To build and flash an application, execute the following commands for <my_app>:

# On Linux/macOS
cd $ZEPHYR_BASE/<my_app>
mkdir build && cd build

# On Windows
cd %ZEPHYR_BASE%\<my_app>
mkdir build & cd build


# Use cmake to configure a Ninja-based build system:
cmake -GNinja -DBOARD=cc3220sf_launchxl ..

# Now run ninja on the generated build system:
ninja flash

This will load the image into flash.

To see program output from UART0, connect a separate terminal window:

% screen /dev/ttyACM0 115200 8N1

Then press the reset button (SW1) on the board to run the program.

Debugging

To debug a previously flashed image, after resetting the board, use the ‘debug’ build target:

# On Linux/macOS
cd $ZEPHYR_BASE/<my_app>
# If you already made a build directory (build) and ran cmake, just 'cd build' instead.
mkdir build && cd build

# On Windows
cd %ZEPHYR_BASE%\<my_app>
# If you already made a build directory (build) and ran cmake, just 'cd build' instead.
mkdir build & cd build

# If you already made a build directory (build) and ran cmake, just 'cd build' instead.

# Use cmake to configure a Ninja-based build system:
cmake -GNinja -DBOARD=cc3220sf_launchxl ..

# Now run ninja on the generated build system:
ninja debug

WiFi Support

The SimpleLink Host Driver, imported from the SimpleLink SDK, has been ported to Zephyr, and communicates over a dedicated SPI to the network co-processor.
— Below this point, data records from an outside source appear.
lemma assigned_arrival_in_window:
  assumes "i \<in> assigned" shows "kk i * T \<le> (K - 1) * T"
proof -
  have "kk i \<le> K - 1" using assigned_agent(4)[OF assms] by linarith
  then show ?thesis by (rule mult_le_mono1)
qed

lemma assigned_step:
  "i \<in> assigned \<Longrightarrow> st i \<le> t \<Longrightarrow> t < kk i * T \<Longrightarrow> (\<pi> i t, \<pi> i (Suc t)) \<in> E \<or> \<pi> i (Suc t) = \<pi> i t"
  using solution unfolding assigned_def tapf_solution_def by auto

definition route_index :: "nat \<Rightarrow> 'v pnode \<Rightarrow> nat" where
  "route_index i x = (case x of Src \<Rightarrow> 0 | Agent _ \<Rightarrow> 1
     | Loc _ s \<Rightarrow> 2 + 2 * (s - st i) | Aux _ s \<Rightarrow> 3 + 2 * (s - st i)
     | Slot _ _ \<Rightarrow> 2 * duration i + 4 | Snk \<Rightarrow> 2 * duration i + 5)"

lemma route_index_route: "m \<le> 2 * duration i + 5 \<Longrightarrow> route_index i (route i m) = m"
proof (cases "m = 2 * duration i + 5")
  case False
  moreover assume "m \<le> 2 * duration i + 5"
  ultimately have "m < 2 * duration i + 5" by simp
  then show ?thesis
    by (cases rule: route_index_cases) (simp_all add: route_def Let_def route_index_def)
qed (simp add: route_def route_index_def)

lemma inj_route: "inj_on (route i) {..2 * duration i + 5}"
  by (rule inj_on_inverseI[where g = "route_index i"]) (simp add: route_index_route)

lemma route_in_V:
  assumes "i \<in> assigned" "st i \<le> s" "s \<le> kk i * T" shows "\<pi> i s \<in> V"
  using assms(2,3)
proof (induction s rule: dec_induct)
  case base
  then show ?case using assigned_agent[OF assms(1)] start_in_window by simp
next
  case (step t)
  then show ?case using assigned_step[OF assms(1), of t] E_subset by auto
qed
It is available as a Zephyr WiFi device driver in drivers/wifi/simplelink.

Currently only the Zephyr WiFi management operations are exported.

Usage:

Set CONFIG_WIFI_SIMPLELINK to y to enable WiFi. See samples/net/wifi/boards/cc3220sf_launchxl.conf.

Provisioning:

SimpleLink provides a few rather sophisticated WiFi provisioning methods. To keep it simple for Zephyr development and demos, the SimpleLink “Fast Connect” policy is enabled, with one-shot scanning. This enables the cc3220sf_launchxl to automatically reconnect to the last good known access point (AP), without having to restart a scan, and re-specify the SSID and password.

To connect to an AP, first run the Zephyr WiFi shell sample application, and connect to a known AP with SSID and password.

See Wi-Fi sample

Once the connection succeeds, the network co-processor keeps the AP identity in its persistent memory. Newly loaded WiFi applications then need not explicitly execute any WiFi scan or connect operations, until the need to change to a new AP.